Como resultado de una demanda laboral presentada por una trabajadora del hogar de Bizkaia, el Tribunal de Justicia de la Unión Europea ha resuelto esta semana que los empleadores deben establecer sistemas para computar la jornada laboral también en ese ámbito. SOS Racismo Gipuzkoa saludó el fallo, pero planteó medidas para que la jornada laboral máxima de estas trabajadoras sea real y, desde Bizkaia, la asociación ATH-ELE auguró que el Gobierno español no se implicará.

SOS Racismo de Gipuzkoa alertó que la resolución puede quedar en nada si no se toman medidas efectivas concretas y, en consecuencia, lanzó unas propuestas para que esta resolución se lleve a la práctica: obligar a que se defina la distribución de la jornada laboral en los contratos de trabajo de hogar, instalar dispositivos electrónicos para el registro horario «que puedan ser supervisados de forma telemática», posibilitar «que cuando el hogar familiar sea también un centro de trabajo sea accesible a la inspección laboral» y «definir legalmente qué es la pernocta y cómo se debe abonar».

LA REALIDAD ACTUAL: CASI LA MITAD DE LO DEBIDO

Aprovechó para dar algunos datos muy clarificadores sobre la situación actual. «Gran parte de las horas que realizan las trabajadoras internas, además de superar el máximo permitido por la legislación de 60 horas semanales (40 de jornada y 20 de presencia) no se abonan», explicó. «La jornada media semanal de las trabajadoras que hemos atendido en 2023 (más de 270) es de 62,3 horas, a lo que, según el SMI vigente, deberían corresponder 2.076,28 euros brutos de salario.

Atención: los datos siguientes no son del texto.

(* Let $P$ be a finite set of constrained Horn clauses over a background theory admitting Craig interpolation, let $t \in \mathcal{L}(\mathcal{A}_P)$ be an infeasible trace-term, and let $TI(t)$ be a tree interpolant of $t$. Then every tree accepted by the interpolant tree automaton $\mathcal{A}^I_t$ is an infeasible trace-term of $P$; that is, $\mathcal{L}(\mathcal{A}^I_t)$ contains only infeasible trace-terms of $P$.
   Context: A constrained Horn clause (CHC) is a formula $p(X) \leftarrow \phi, p_1(X_1),\ldots,p_k(X_k)$ ($k\ge 0$), where $p,p_i$ are predicate symbols, $X, X_i$ are tuples of distinct variables and $\phi$ is a constraint of the background theory; $p(X)$ is the head. There is a distinguished predicate $\mathit{false}$ (interpreted as false). Each clause $cl$ of $P$ has an identifier $\mathsf{id}_P(cl)$, a function symbol of arity $k$ (the number of body atoms). The trace FTA $\mathcal{A}_P$ is the finite tree automaton whose states are the predicate symbols of $P$ together with $\mathit{false}$, whose only final state is $\mathit{false}$, and with one transition $c(p_1,\ldots,p_k)\to p$ for each clause $p(X)\leftarrow\phi,p_1(X_1),\ldots,p_k(X_k)$ of $P$ with identifier $c$. Elements of $\mathcal{L}(\mathcal{A}_P)$ are trace-terms (rooted at $\mathit{false}$). The AND-tree $T(t)$ of a trace-term $t$: each subterm $c(t_1,\ldots,t_k)$ of $t$ corresponds to a node labelled by an atom $p(X)$, the identifier $c$ of a clause $p(X)\leftarrow\phi,p_1(X_1),\ldots,p_k(X_k)$ and the constraint $\phi$, whose children are the nodes for $t_1,\ldots,t_k$, labelled by atoms $p_1(X_1),\ldots,p_k(X_k)$; variables are renamed so that local variables of the clause used at a node do not occur outside the subtree rooted at that node. Nodes are numbered uniquely. $F(T)$ is the conjunction of the constraint labels of all nodes of $T$; $T$ (and $t$) is feasible iff $F(T)$ is satisfiable, infeasible otherwise. For a node $i$, $T_i$ is the subtree rooted at $i$, $\phi_i$ is its constraint label, and $G(T_i)$ is the conjunction of the constraint labels of all nodes of $T$ not in $T_i$ ($\mathit{true}$ if none). A (Craig) interpolant $I(\psi_1,\psi_2)$ of formulas with $\psi_1\wedge\psi_2$ unsatisfiable is a formula $I$ with $\psi_1\to I$, $I\wedge\psi_2$ unsatisfiable, and $\mathrm{vars}(I)\subseteq\mathrm{vars}(\psi_1)\cap\mathrm{vars}(\psi_2)$. Tree interpolant $TI(t)$ of an infeasible trace-term $t$ with AND-tree $T$: a tree with the same nodes and atom labels as $T$, where each node $i$ carries a formula $I_i$: the root gets $\mathit{false}$; a leaf $i$ gets $I(F(T_i),G(T_i))$; any other node $i$ with children having formulas $I_{k_1},\ldots,I_{k_n}$ gets $I(\phi_i\wedge\bigwedge_{m} I_{k_m},\,G(T_i))$. The interpolant mapping is $\Pi_{TI}(A^j)=I_j$, where $A$ is the atom label of node $j$; writing the atom at node $j$ as $p(Y_j)$, $I_j$ is viewed as a formula over $Y_j$, and $\Pi_{TI}(p^j)(X)$ denotes it with $Y_j$ replaced by $X$. Interpolant tree automaton $\mathcal{A}^I_t$: states are the symbols $p^j$ for each node $j$ of $TI(t)$ with atom predicate $p$; the final state is $\mathit{false}^r$ for the root $r$; the alphabet is the set of clause identifiers of $P$; transitions are all $c(p_1^{j_1},\ldots,p_k^{j_k})\to p^j$ such that there is a clause $cl = p(X)\leftarrow\phi,p_1(X_1),\ldots,p_k(X_k)$ in $P$ with $c=\mathsf{id}_P(cl)$, nodes $j,j_1,\ldots,j_k$ of $TI(t)$ whose atom predicates are $p,p_1,\ldots,p_k$ respectively, and the implication $\phi\wedge\bigwedge_{m=1}^k\Pi_{TI}(p_m^{j_m})(X_m)\rightarrow\Pi_{TI}(p^j)(X)$ is valid. *)

theory Defs
  imports Main
begin

text \<open>A formula is given by its semantics (a predicate on valuations) together with
its (syntactic) set of free variables.\<close>
record ('x, 'd) formula =
  fsem :: "('x \<Rightarrow> 'd) \<Rightarrow> bool"
  fvars :: "'x set"

definition wf_formula :: "('x, 'd) formula \<Rightarrow> bool" where
  "wf_formula f \<longleftrightarrow> finite (fvars f) \<and>
     (\<forall>\<sigma> \<sigma>'. (\<forall>x\<in>fvars f. \<sigma> x = \<sigma>' x) \<longrightarrow> fsem f \<sigma> = fsem f \<sigma>')"

definition satisfiable :: "('x, 'd) formula \<Rightarrow> bool" where
  "satisfiable f \<longleftrightarrow> (\<exists>\<sigma>. fsem f \<sigma>)"

definition ffalse :: "('x, 'd) formula" where
  "ffalse = \<lparr>fsem = (\<lambda>_. False), fvars = {}\<rparr>"

definition conj :: "('x, 'd) formula set \<Rightarrow> ('x, 'd) formula" where
  "conj S = \<lparr>fsem = (\<lambda>\<sigma>. \<forall>f\<in>S. fsem f \<sigma>), fvars = \<Union> (fvars ` S)\<rparr>"

definition conj2 :: "('x, 'd) formula \<Rightarrow> ('x, 'd) formula \<Rightarrow> ('x, 'd) formula" where
  "conj2 a b = conj {a, b}"

definition rename :: "('v, 'd) formula \<Rightarrow> ('v \<Rightarrow> 'x) \<Rightarrow> ('x, 'd) formula" where
  "rename f \<rho> = \<lparr>fsem = (\<lambda>\<sigma>. fsem f (\<sigma> \<circ> \<rho>)), fvars = \<rho> ` fvars f\<rparr>"

definition is_interpolant ::
  "('x, 'd) formula \<Rightarrow> ('x, 'd) formula \<Rightarrow> ('x, 'd) formula \<Rightarrow> bool" where
  "is_interpolant \<psi>1 \<psi>2 I \<longleftrightarrow> wf_formula I \<and>
     (\<forall>\<sigma>. fsem \<psi>1 \<sigma> \<longrightarrow> fsem I \<sigma>) \<and>
     \<not> satisfiable (conj2 I \<psi>2) \<and>
     fvars I \<subseteq> fvars \<psi>1 \<inter> fvars \<psi>2"

definition admits_interpolation :: "'x itself \<Rightarrow> 'd itself \<Rightarrow> bool" where
  "admits_interpolation _ _ \<longleftrightarrow>
     (\<forall>\<psi>1 \<psi>2 :: ('x, 'd) formula. wf_formula \<psi>1 \<and> wf_formula \<psi>2 \<and>
        \<not> satisfiable (conj2 \<psi>1 \<psi>2) \<longrightarrow> (\<exists>I. is_interpolant \<psi>1 \<psi>2 I))"

text \<open>A clause  p(X) <- phi, p1(X1), ..., pk(Xk).\<close>
record ('p, 'v, 'd) clause =
  head :: 'p
  hargs :: "'v list"
  constr :: "('v, 'd) formula"
  body :: "('p \<times> 'v list) list"

text \<open>A CHC program: a finite map from clause identifiers to clauses (identifiers are
unique). The distinguished predicate false is the parameter \<open>fls\<close>.\<close>
type_synonym ('c, 'p, 'v, 'd) program = "'c \<rightharpoonup> ('p, 'v, 'd) clause"

definition wf_program :: "'p \<Rightarrow> ('c, 'p, 'v, 'd) program \<Rightarrow> bool" where
  "wf_program fls P \<longleftrightarrow> finite (dom P) \<and>
     (\<exists>ar :: 'p \<Rightarrow> nat. ar fls = 0 \<and>
        (\<forall>cl\<in>ran P. length (hargs cl) = ar (head cl) \<and>
                    (\<forall>(q, X)\<in>set (body cl). length X = ar q))) \<and>
     (\<forall>cl\<in>ran P. distinct (hargs cl) \<and> (\<forall>(q, X)\<in>set (body cl). distinct X) \<and>
                 wf_formula (constr cl))"

datatype 'c trm = TNode 'c "'c trm list"

inductive reach :: "('c \<times> 's list \<times> 's) set \<Rightarrow> 'c trm \<Rightarrow> 's \<Rightarrow> bool"
  for \<delta> where
  "(c, qs, q) \<in> \<delta> \<Longrightarrow> list_all2 (reach \<delta>) ts qs \<Longrightarrow> reach \<delta> (TNode c ts) q"

definition lang :: "('c \<times> 's list \<times> 's) set \<Rightarrow> 's set \<Rightarrow> 'c trm set" where
  "lang \<delta> F = {t. \<exists>q\<in>F. reach \<delta> t q}"

text \<open>Trace FTA A_P: states are predicates, final state false.\<close>
definition trace_trans :: "('c, 'p, 'v, 'd) program \<Rightarrow> ('c \<times> 'p list \<times> 'p) set" where
  "trace_trans P = {(c, map fst (body cl), head cl) | c cl. P c = Some cl}"

definition trace_terms :: "'p \<Rightarrow> ('c, 'p, 'v, 'd) program \<Rightarrow> 'c trm set" where
  "trace_terms fls P = lang (trace_trans P) {fls}"

text \<open>Nodes are positions (paths of child indices) in the trace-term.\<close>
type_synonym pos = "nat list"

fun sub :: "'c trm \<Rightarrow> pos \<Rightarrow> 'c trm option" where
  "sub t [] = Some t"
| "sub (TNode c ts) (i # w) = (if i < length ts then sub (ts ! i) w else None)"

definition nodes :: "'c trm \<Rightarrow> pos set" where
  "nodes t = {w. sub t w \<noteq> None}"

fun lbl :: "'c trm \<Rightarrow> 'c" where "lbl (TNode c ts) = c"
fun kids :: "'c trm \<Rightarrow> 'c trm list" where "kids (TNode c ts) = ts"

definition clause_at :: "('c, 'p, 'v, 'd) program \<Rightarrow> 'c trm \<Rightarrow> pos \<Rightarrow> ('p, 'v, 'd) clause" where
  "clause_at P t w = the (P (lbl (the (sub t w))))"

text \<open>Renaming used at node w, given the argument variables Y of its atom label:
head variables of the clause are mapped to Y, local variables x to the fresh (w, x).\<close>
definition ren :: "('c, 'p, 'v, 'd) program \<Rightarrow> 'c trm \<Rightarrow> pos \<Rightarrow> (pos \<times> 'v) list \<Rightarrow> 'v \<Rightarrow> pos \<times> 'v" where
  "ren P t w Y x = (case map_of (zip (hargs (clause_at P t w)) Y) x of Some y \<Rightarrow> y | None \<Rightarrow> (w, x))"

text \<open>Argument variables of the atom labelling node (w @ u), starting from node w with
atom arguments Y.\<close>
primrec av :: "('c, 'p, 'v, 'd) program \<Rightarrow> 'c trm \<Rightarrow> pos \<Rightarrow> (pos \<times> 'v) list \<Rightarrow> pos \<Rightarrow> (pos \<times> 'v) list" where
  "av P t w Y [] = Y"
| "av P t w Y (i # u) = av P t (w @ [i]) (map (ren P t w Y) (snd (body (clause_at P t w) ! i))) u"

text \<open>Atom label p(Y_w) of node w: the root is labelled false (no arguments).\<close>
definition atom_args :: "('c, 'p, 'v, 'd) program \<Rightarrow> 'c trm \<Rightarrow> pos \<Rightarrow> (pos \<times> 'v) list" where
  "atom_args P t w = av P t [] [] w"

definition atom_pred :: "('c, 'p, 'v, 'd) program \<Rightarrow> 'c trm \<Rightarrow> pos \<Rightarrow> 'p" where
  "atom_pred P t w = head (clause_at P t w)"

definition node_constr :: "('c, 'p, 'v, 'd) program \<Rightarrow> 'c trm \<Rightarrow> pos \<Rightarrow> (pos \<times> 'v, 'd) formula" where
  "node_constr P t w = rename (constr (clause_at P t w)) (ren P t w (atom_args P t w))"

definition F_sub :: "('c, 'p, 'v, 'd) program \<Rightarrow> 'c trm \<Rightarrow> pos \<Rightarrow> (pos \<times> 'v, 'd) formula" where
  "F_sub P t w = conj {node_constr P t u | u. u \<in> nodes t \<and> (\<exists>v. u = w @ v)}"

definition G_sub :: "('c, 'p, 'v, 'd) program \<Rightarrow> 'c trm \<Rightarrow> pos \<Rightarrow> (pos \<times> 'v, 'd) formula" where
  "G_sub P t w = conj {node_constr P t u | u. u \<in> nodes t \<and> \<not> (\<exists>v. u = w @ v)}"

definition feasible :: "('c, 'p, 'v, 'd) program \<Rightarrow> 'c trm \<Rightarrow> bool" where
  "feasible P t \<longleftrightarrow> satisfiable (F_sub P t [])"

definition tree_interpolant ::
  "('c, 'p, 'v, 'd) program \<Rightarrow> 'c trm \<Rightarrow> (pos \<Rightarrow> (pos \<times> 'v, 'd) formula) \<Rightarrow> bool" where
  "tree_interpolant P t I \<longleftrightarrow>
     I [] = ffalse \<and>
     (\<forall>w\<in>nodes t. w \<noteq> [] \<longrightarrow>
        (if kids (the (sub t w)) = [] then is_interpolant (F_sub P t w) (G_sub P t w) (I w)
         else is_interpolant
                (conj ({node_constr P t w} \<union> {I (w @ [m]) | m. m < length (kids (the (sub t w)))}))
                (G_sub P t w) (I w)))"

text \<open>Pi_TI(p^j)(X): the interpolant of node j with the atom arguments Y_j replaced by X.\<close>
definition Pi :: "('c, 'p, 'v, 'd) program \<Rightarrow> 'c trm \<Rightarrow> (pos \<Rightarrow> (pos \<times> 'v, 'd) formula) \<Rightarrow>
    pos \<Rightarrow> 'v list \<Rightarrow> ('v \<Rightarrow> 'd) \<Rightarrow> bool" where
  "Pi P t I j X \<sigma> = fsem (I j)
     (\<lambda>y. case map_of (zip (atom_args P t j) (map \<sigma> X)) y of Some d \<Rightarrow> d | None \<Rightarrow> undefined)"

definition interp_trans :: "('c, 'p, 'v, 'd) program \<Rightarrow> 'c trm \<Rightarrow> (pos \<Rightarrow> (pos \<times> 'v, 'd) formula) \<Rightarrow>
    ('c \<times> ('p \<times> pos) list \<times> ('p \<times> pos)) set" where
  "interp_trans P t I = {(c, zip (map fst (body cl)) js, (head cl, j)) | c cl j js.
      P c = Some cl \<and> length js = length (body cl) \<and>
      j \<in> nodes t \<and> atom_pred P t j = head cl \<and>
      (\<forall>m < length js. js ! m \<in> nodes t \<and> atom_pred P t (js ! m) = fst (body cl ! m)) \<and>
      (\<forall>\<sigma>. fsem (constr cl) \<sigma> \<and> (\<forall>m < length js. Pi P t I (js ! m) (snd (body cl ! m)) \<sigma>)
            \<longrightarrow> Pi P t I j (hargs cl) \<sigma>)}"

definition interp_lang :: "'p \<Rightarrow> ('c, 'p, 'v, 'd) program \<Rightarrow> 'c trm \<Rightarrow> (pos \<Rightarrow> (pos \<times> 'v, 'd) formula) \<Rightarrow> 'c trm set" where
  "interp_lang fls P t I = lang (interp_trans P t I) {(fls, [])}"

end

theory Submission
  imports Defs
begin

text \<open>Let \<open>\<sigma>\<close> satisfy every constraint of a tree \<open>s\<close> accepted by the interpolant
automaton. Each transition of that automaton is a valid implication from the interpolants
of the body states, together with the clause constraint, to the interpolant of the head
state. Hence, bottom-up, \<open>\<sigma>\<close> satisfies the interpolant of the state reached at every node,
evaluated on the arguments of that node's atom. At the root this interpolant is \<open>false\<close>,
so no such \<open>\<sigma>\<close> exists and \<open>s\<close> is infeasible; forgetting the node component of the states
turns the run into a run of the trace automaton.\<close>

definition interp_holds ::
    "('c, 'p, 'v, 'd) program \<Rightarrow> 'c trm \<Rightarrow> (pos \<Rightarrow> (pos \<times> 'v, 'd) formula) \<Rightarrow>
     pos \<Rightarrow> 'd list \<Rightarrow> bool" where
  "interp_holds P t I j ds = fsem (I j)
     (\<lambda>y. case map_of (zip (atom_args P t j) ds) y of Some d \<Rightarrow> d | None \<Rightarrow> undefined)"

Pues bien, el salario medio percibido para esta jornada es de 1.112,96 euros, prácticamente la mitad», detalló.

Agregó, para más inri, que «hay trabajadoras que superan las 80 horas semanales, que no tienen descansos ni festivos ni vacaciones y que no descansan por las noches». Y certificó que «es una realidad sobradamente conocida» y que sigue a diario, pese a atentar muy directamente contra los derechos elementales.

ATH-ELE: «EL GOBIERNO NO VA A RESPETAR LA SENTENCIA»

Desde Bizkaia, la Asociación de Trabajadoras del Hogar ATH-ELE alertó, en tono pesimista, de que el Gobierno español no va a dar «pasos concretos y verificables» para controlar las jornadas laborales en este sector y advirtió de que «está en juego la solución de los cuidados a domicilio de personas en situación de dependencia con mano de obra barata, que trabaja muchas horas no reconocidas y que es pieza clave del sistema de cuidados».

Para ATH-ELE, la sentencia «podría ser importante, pero probablemente no lo será». Así, lamentó que ya hay «experiencia de la aplicación tramposa que el Gobierno está haciendo de la sentencia europea de 2022, que les obligó a reconocer el derecho a la prestación de desempleo».

La asociación vizcaina advirtió de que, en el caso de estas trabajadoras, la Inspección de Trabajo «mira para otro lado» a pesar de ser conocedores de que «que se hacen por sistema contratos de 40 horas en el trabajo interno, lo que es falso a todas luces».